Yearlong series of articles in celebration of Williams Center's 40th anniversary opens with recollections with Ellis Finger, first director of the center
By Bryan Hay
Before the opening of Zoellner Arts Center at Lehigh University and the ArtsQuest campus in Bethlehem, Lafayette’s Williams Center for the Arts opened its doors in 1983, establishing a rich tradition of visual and performing arts that has consistently brought the finest established and emerging talent to campus and the Lehigh Valley.
For 40 years, the center, on the eastern edge of campus, has offered a welcoming destination for the College and regional communities, creating a sweeping energy that pulls guests through the glass atrium and into the intimate 400-seat theater for the popular Performance Series. Students from all academic areas experience Lafayette’s liberal arts tradition through the arts in its classrooms and studios.
Experiences in the theater are visceral, human, and memorable—audiences can see the fine vocal mist from a singer or a bead of sweat forming on the forehead of a trumpet soloist in the midst of a demanding concerto, or marvel at how the nimblest instrumentalist gracefully recovers from a snapped harpsichord or violin string in the heat of a stirring performance.
After each concert, audiences and performers meet and mingle casually in the lobby over cookies and punch, encounters that would rarely be experienced in concert halls in large cities.
Offering a who’s who of the artistic world, Williams Center has hosted legends and legends in the making, including performances by Philip Glass, the Hilliard Ensemble, Andreas Schiff, Emanuel Ax, Edgar Meyer, Joshua Rifkin (who’s back on campus for a yearlong residency); string quartets; brass, wind, and even ukulele ensembles; chamber choirs; vocalists; dance and ballet companies; choreographers; and jazz musicians, including just about every member of the Marsalis family.

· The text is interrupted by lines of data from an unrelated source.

theorem lemma15:
  fixes \<phi> :: real and k :: nat and Q :: "nat \<Rightarrow> pt set" and j :: nat
  assumes "0 < \<phi>" "\<phi> \<le> 1"
    and "k \<ge> 1"
    and "\<forall>i<k. polygon (Q i)"
    and "j < k"
    and "\<forall>i<k. lcount (outer (Q j) (\<phi> * diameter (Q j) / 2))
                 \<le> lcount (outer (Q i) (\<phi> * diameter (Q i) / 2))"
    and "(\<Inter>i\<in>{..<k}. inner (Q i) (\<phi> * diameter (Q i))) \<noteq> {}"
    and "\<phi> * (MIN i\<in>{..<k}. diameter (Q i)) > sqrt 8"
  shows "\<phi>^2 / 2 * real (lcount (outer (Q j) (\<phi> * diameter (Q j) / 2)))
           \<le> real (lcount (\<Inter>i\<in>{..<k}. outer (Q i) (\<phi> * diameter (Q i) / 2)))
       \<and> lcount (\<Inter>i\<in>{..<k}. outer (Q i) (\<phi> * diameter (Q i) / 2))
           \<le> lcount (outer (Q j) (\<phi> * diameter (Q j) / 2))"
proof -
  define r where "r i = \<phi> * diameter (Q i)" for i
  define Y where "Y = (\<Inter>i\<in>{..<k}. outer (Q i) (r i / 2))"
  obtain c where c: "\<And>i. i < k \<Longrightarrow> c \<in> inner (Q i) (r i)"
    using assms(7) unfolding r_def by auto
  have "(MIN i\<in>{..<k}. diameter (Q i)) \<in> (\<lambda>i. diameter (Q i)) ` {..<k}"
    using assms(3) by (intro Min_in) (auto simp: lessThan_empty_iff)
  then obtain m where m: "m < k" "diameter (Q m) = (MIN i\<in>{..<k}. diameter (Q i))" by auto
  have r_min: "r m \<le> r i" if "i < k" for i
    unfolding r_def using m assms(1) that by (intro mult_left_mono) auto
  have "14/5 \<le> sqrt 8" by (rule real_le_rsqrt) (simp add: power_divide)
  moreover have "sqrt 8 < r m" using assms(8) m(2) by (simp add: r_def)
  ultimately have w: "14/5 \<le> r m" by linarith
  have Y_sub: "Y \<subseteq> outer (Q j) (r j / 2)" unfolding Y_def using assms(5) by blast
  have bounded_Y: "bounded (outer (Q j) (r j / 2))"
    using bounded_outer polygon_bounded assms(4,5) by blast
  have "ball c (3/2 * r m) \<subseteq> Y"
    unfolding Y_def using c r_min w by (intro ball_subset_Inter_outer) auto
  then have "lcount (ball c (3/2 * r m)) \<le> lcount Y"
    using lcount_mono bounded_subset[OF bounded_Y Y_sub] by blast
  then have lower: "(21/10 * r m - 1)^2 \<le> real (lcount Y)"
    using lcount_ball_three_halves_ge[of "r m" c] w by linarith
  have "\<phi>^2 * real (lcount (outer (Q j) (r j / 2))) \<le> \<phi>^2 * real (lcount (outer (Q m) (r m / 2)))"
    using assms(6) m(1) by (intro mult_left_mono) (auto simp: r_def)
  also have "\<dots> \<le> (2 * r m + 1)^2"
    using lcount_outer_half_scaled_diameter_le[of "Q m" \<phi>] polygon_bounded assms(1,2,4) c[OF m(1)] m(1)
    by (auto simp: r_def inner_def mult.assoc)
  finally show ?thesis
    using half_sq_two_mul_add_one_le[OF w] lower lcount_mono[OF Y_sub bounded_Y]
    unfolding Y_def r_def by simp
qed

Williams Center and its audiences also enjoy an extended residency and a global laboratory for the Orpheus Chamber Orchestra, the conductorless, anti-hierarchical orchestra based in New York. With Easton’s relative proximity to New York air terminals performers from Europe, Asia, and Africa often make their way to the Williams Center as part of their international tour schedules.
The center also provides classrooms for music and art history, the Williams Center Gallery for rotating art exhibits, the Kirby Art Study Center holding much of the College’s historical art collection, space for extracurricular programs in music, art, and theater, and practice rooms.
Lafayette College was fertile ground for a first-rate arts center, having a tradition of presenting a performance series before Williams Center opened, with programs hosted at Colton Chapel and theater productions staged on the second floor of Hogg Hall. Students playing in the concert band rehearsed in Alumni Gym (now Oechsle Hall). Lafayette’s visual arts program also predated the Williams Center, with works exhibited in Van Wickle Hall.
Lafayette didn’t have a full-curriculum art department or a permanent home for the performing arts prior to 1983, but Ed Kerns, Eugene H. Clapp II ’36 Professor of Art emeritus, remembers how the opening of the center “instantly changed everything,” noting how the number of art majors and the College’s reputation for the visual and performing arts soared.
Recognizing a need for students to have a central space for the arts, Easton businessman Morris R. Williams, Class of 1922, stepped forward with a lead gift, first made anonymously, which led to the construction of Williams Center for the Arts, which began in 1981.
At the building’s dedication Sept. 30, 1983, Williams described it as “an everlasting force in the future development of the College,” according to the College’s archives. The brick, limestone, and glass building, which cost $8.7 million to build, was designed by the architecture firm Perkins&Will of Washington, D.C.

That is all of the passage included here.